The timer used to measure system performance for both CPU and GPU algorithms was the built-in timer function in CUDA. Both the CPU and GPU method used a 5×5 sliding-window filter and was performed on randomly generated images generated in C using the rand() function. The results for processing a single image at various image resolutions are displayed in Fig. 6 and compiled in Table 1. For CPU algorithm benchmarking, we exclude the time it takes to allocate free memory due to the fact that the our LabVIEW code only allocates/deallocates memory one time after the program has started, thus making the associated memory management time irrelevant in real-time execution of our code. Similarly, the GPU benchmarking values exclude the time it takes to allocate and deallocate memory on the GPU in addition to the host memory deallocation/allocation times due to the fact that these processes are only performed once during run time. It is important to note that the GPU algorithm times only include the time it takes to transfer the raw image onto the GPU, execute both kernels, and transfer the processed image back to main memory. The normalized errors [(LSI_CPU – LSI_GPU)/(LSI_CPU)] were computed for all pairs of images and found to be negligible, with errors on the order of 10−7.

Fig. 6

Graph of processing times for various image sizes (i.e., number of pixels).


Table 1

CPU versus GPU processing times for various image sizes.

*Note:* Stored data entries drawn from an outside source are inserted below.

section \<open>Sums over a period cell\<close>

definition cell_sum :: "nat \<Rightarrow> grid \<Rightarrow> real" where
  "cell_sum N f = (\<Sum>i\<in>{1..int N}. \<Sum>j\<in>{1..int N}. f i j)"

lemma ginner_cell_sum: "ginner L N u v = (hgrid L N)^2 * cell_sum N (\<lambda>i j. u i j * v i j)"
  by (simp add: ginner_def cell_sum_def)

lemma cell_sum_add: "cell_sum N (\<lambda>i j. f i j + g i j) = cell_sum N f + cell_sum N g"
  by (simp add: cell_sum_def sum.distrib)

lemma cell_sum_diff: "cell_sum N (\<lambda>i j. f i j - g i j) = cell_sum N f - cell_sum N g"
  by (simp add: cell_sum_def sum_subtractf)

lemma cell_sum_cmult: "cell_sum N (\<lambda>i j. c * f i j) = c * cell_sum N f"
  by (simp add: cell_sum_def sum_distrib_left)

lemma cell_sum_neg: "cell_sum N (\<lambda>i j. - f i j) = - cell_sum N f"
  by (simp add: cell_sum_def sum_negf)

lemma cell_sum_divide: "cell_sum N (\<lambda>i j. f i j / c) = cell_sum N f / c"
  by (simp add: cell_sum_def sum_divide_distrib)

lemma cell_sum_const: "cell_sum N (\<lambda>i j. c) = real N * real N * c"
  by (simp add: cell_sum_def)

lemma cell_sum_mono: "(\<And>i j. f i j \<le> g i j) \<Longrightarrow> cell_sum N f \<le> cell_sum N g"
  unfolding cell_sum_def by (intro sum_mono) auto

lemma cell_sum_nonneg: "(\<And>i j. 0 \<le> f i j) \<Longrightarrow> 0 \<le> cell_sum N f"
  unfolding cell_sum_def by (intro sum_nonneg) auto

lemma cell_sum_nonneg_eq_0:
  assumes "\<And>i j. 0 \<le> f i j" and "cell_sum N f = 0" and "i \<in> {1..int N}" and "j \<in> {1..int N}"
  shows "f i j = 0"
proof -
  have "(\<Sum>j\<in>{1..int N}. f i j) = 0"
    using assms(2,3) unfolding cell_sum_def
    by (subst (asm) sum_nonneg_eq_0_iff) (auto intro: sum_nonneg assms(1))
  then show ?thesis using assms(1,4) by (subst (asm) sum_nonneg_eq_0_iff) auto
qed
(* (i) We have $$\sum_{k=0}^\infty\frac{(49k+1)8^k}{3^k\binom{3k}k}=81+16\sqrt3\,\pi.$$ (ii) Let $c=\frac32\left((1+\sqrt2)^{1/3}-(1+\sqrt2)^{-1/3}\right)$, so $1/c=1.11843\cdots$. If $n$ is a real number with $n<-1/3$ or $n>1/c$, then $$\sum_{k=0}^\infty\frac{a_nk-b_n}{((1-n)n^2)^k\binom{3k}k}=3n^2(n-1)\left(4\log\left(1-\frac1n\right)-9(3n^2-6n+1)\right),$$ where $$a_n=(3n+1)(3n-2)^2(9n^2-12n+1),\qquad b_n=81n^5-243n^4+189n^3-69n^2+48n-2.$$ In particular, \begin{align*} \sum_{k=0}^\infty\frac{275k-158}{2^k\binom{3k}k}&=6\log2-135,\\ \sum_{k=0}^\infty\frac{728k-17}{(-4)^k\binom{3k}k}&=-54-24\log2,\\ \sum_{k=0}^\infty\frac{(1813k-2707)8^k}{3^k\binom{3k}k}&=9(16\log3-171),\\ \sum_{k=0}^\infty\frac{5635k-1156}{(-18)^k\binom{3k}k}&=54\log\frac23-1215,\\ \sum_{k=0}^\infty\frac{63050k-15959}{(-48)^k\binom{3k}k}&=72\left(4\log\frac34-225\right),\\ \sum_{k=0}^\infty\frac{112216k-30847}{(-100)^k\binom{3k}k}&=300\log\frac45-31050,\\ \sum_{k=0}^\infty\frac{615296k-176777}{(-180)^k\binom{3k}k}&=270\left(4\log\frac56-657\right),\\ \sum_{k=0}^\infty\frac{710809k-209926}{(-294)^k\binom{3k}k}&=441\left(2\log\frac67-477\right),\\ \sum_{k=0}^\infty\frac{2910050k-875807}{(-448)^k\binom{3k}k}&=672\left(4\log\frac78-1305\right),\\ \sum_{k=0}^\infty\frac{2721250k-830317}{(-648)^k\binom{3k}k}&=972\left(2\log\frac89-855\right),\\ \sum_{k=0}^\infty\frac{9490712k-2926289}{(-900)^k\binom{3k}k}&=1350\left(4\log\frac9{10}-2169\right),\\ \sum_{k=0}^\infty\frac{7825423k-2432776}{(-1210)^k\binom{3k}k}&=1815\left(2\log\frac{10}{11}-1341\right). \end{align*}
   Context: $\log$ is the natural logarithm. *)

theory Defs
  imports Complex_Main
begin
(* p \<mapsto> a \<bullet> cis (pi p / N) is a sinusoid changing sign once on [0, N), so the sign
   pattern minimising a \<bullet> z over the zonogon is that of a vertex. *)
lemma zonotope_min_at_vertex: "\<exists>k. \<forall>z\<in>zonotope gen N. a \<bullet> vertex k \<le> a \<bullet> z"
proof -
  obtain \<sigma> x\<^sub>0 where x\<^sub>0: "0 \<le> x\<^sub>0" "x\<^sub>0 < real N"
    and a_cis: "\<And>p. a \<bullet> cis (pi * real p / real N) = \<sigma> * sin (pi * (real p - x\<^sub>0) / real N)"
    by (rule inner_cis_pi_frac_eq_sin[OF N_pos, of a]) (rule that)
  define sn where "sn p = sin (pi * (real p - x\<^sub>0) / real N)" for p
  define S where "S = (\<Sum>p<N. c p * \<bar>sn p\<bar>)"
  have inner_sum: "a \<bullet> (\<Sum>p<N. of_real (t p) * gen p) = \<sigma> * (\<Sum>p<N. t p * c p * sn p)" for t
    by (simp add: inner_zonotope_sum a_cis sn_def sum_distrib_left ac_simps)
  define j where "j = nat \<lceil>x\<^sub>0\<rceil>"
  have "j \<le> N" using x\<^sub>0 by (simp add: j_def nat_le_iff ceiling_le_iff)
  have "p < j \<longleftrightarrow> real p < x\<^sub>0" for p
    by (simp add: j_def zless_nat_eq_int_zless less_ceiling_iff)
  then have "a \<bullet> vertex j = \<sigma> * (\<Sum>p<N. c p * ((if real p < x\<^sub>0 then 1 else -1) * sn p))"
    unfolding vertex_eq_sign_sum[OF \<open>j \<le> N\<close>] inner_sum by (simp add: ac_simps)
  also have "\<dots> = - \<sigma> * S"
    using x\<^sub>0 by (simp add: sn_def sin_pi_frac_sign S_def sum_negf)
  finally have vertex_value: "a \<bullet> vertex (if 0 \<le> \<sigma> then j else j + N) = - \<bar>\<sigma>\<bar> * S"
    by (simp add: vertex_add_N)
  have "- \<bar>\<sigma>\<bar> * S \<le> a \<bullet> z" if "z \<in> zonotope gen N" for z
  proof -
    obtain t where t: "\<forall>p<N. \<bar>t p\<bar> \<le> 1" "z = (\<Sum>p<N. of_real (t p) * gen p)"
      using \<open>z \<in> zonotope gen N\<close> by (auto simp: zonotope_iff)
    then have "\<bar>\<Sum>p<N. t p * c p * sn p\<bar> \<le> S"
      unfolding S_def using c_pos by (intro abs_sum_le_if_abs_coeffs_le_one) (auto intro: less_imp_le)
    then have "\<bar>\<sigma>\<bar> * \<bar>\<Sum>p<N. t p * c p * sn p\<bar> \<le> \<bar>\<sigma>\<bar> * S"
      by (rule mult_left_mono) simp
    then show ?thesis
      unfolding t(2) inner_sum using abs_ge_minus_self[of "\<sigma> * (\<Sum>p<N. t p * c p * sn p)"]
      by (simp add: abs_mult)
  qed
  then show ?thesis using vertex_value by metis
qed
(* Every left-invariant parak\"ahler structure on a nilpotent Lie group is Ricci-flat.
   Context: A parak\"ahler structure on a $2n$-manifold consists of a splitting $TM=V\oplus H$ into rank-$n$ distributions and a pseudoriemannian metric $g$ with $g(KX,KY)=-g(X,Y)$ for $K=\mathrm{id}_V-\mathrm{id}_H$, such that the two-form $F(X,Y)=g(KX,Y)$ is parallel for the Levi-Civita connection of $g$. Left-invariant means $V$, $H$ and $g$ are invariant under left translations. *)

theory Defs
  imports "HOL-Analysis.Analysis"
begin

text \<open>Left-invariant objects on a Lie group are encoded on its Lie algebra,
  a finite-dimensional real vector space, here real^'n with a bracket.\<close>

definition lie_algebra :: "(real^'n \<Rightarrow> real^'n \<Rightarrow> real^'n) \<Rightarrow> bool" where
  "lie_algebra br \<longleftrightarrow> bilinear br \<and> (\<forall>x. br x x = 0) \<and>
     (\<forall>x y z. br x (br y z) + br y (br z x) + br z (br x y) = 0)"

fun lcs :: "(real^'n \<Rightarrow> real^'n \<Rightarrow> real^'n) \<Rightarrow> nat \<Rightarrow> (real^'n) set" where
  "lcs br 0 = UNIV"
| "lcs br (Suc k) = span {br x y | x y. y \<in> lcs br k}"

definition nilpotent_lie_algebra :: "(real^'n \<Rightarrow> real^'n \<Rightarrow> real^'n) \<Rightarrow> bool" where
  "nilpotent_lie_algebra br \<longleftrightarrow> lie_algebra br \<and> (\<exists>k. lcs br k = {0})"

definition para_splitting :: "(real^'n) set \<Rightarrow> (real^'n) set \<Rightarrow> bool" where
  "para_splitting V H \<longleftrightarrow> subspace V \<and> subspace H \<and> V \<inter> H = {0} \<and>
     (\<forall>x. \<exists>v\<in>V. \<exists>h\<in>H. x = v + h) \<and> dim V = dim H"

definition paraK :: "(real^'n) set \<Rightarrow> (real^'n) set \<Rightarrow> real^'n \<Rightarrow> real^'n" where
  "paraK V H x = (THE y. \<exists>v\<in>V. \<exists>h\<in>H. x = v + h \<and> y = v - h)"

definition pseudo_metric :: "(real^'n \<Rightarrow> real^'n \<Rightarrow> real) \<Rightarrow> bool" where
  "pseudo_metric g \<longleftrightarrow> bilinear g \<and> (\<forall>x y. g x y = g y x) \<and>
     (\<forall>x. (\<forall>y. g x y = 0) \<longrightarrow> x = 0)"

LSI processing times for various image sizes (5×5 window)


Real-Time LabVIEW Performance

With the setup described in Fig. 1, the LabVIEW software is evaluated with a single raw image (1392×1040) being processed with the GPU and visualized with the built-in Intensity Graph. The maximum frame rate is ∼15 fps, which is sufficient to display the real-time LSI images because the maximum frame rate of our camera is ∼10 fps (RetigaEXi). As such, the program can run indefinitely without memory conflicts because the processing and display times are less than the time between collection of successive raw speckle images. In addition, as GPUs gain fast clock speeds, more processing cores, and faster RAM, the gap will widen further.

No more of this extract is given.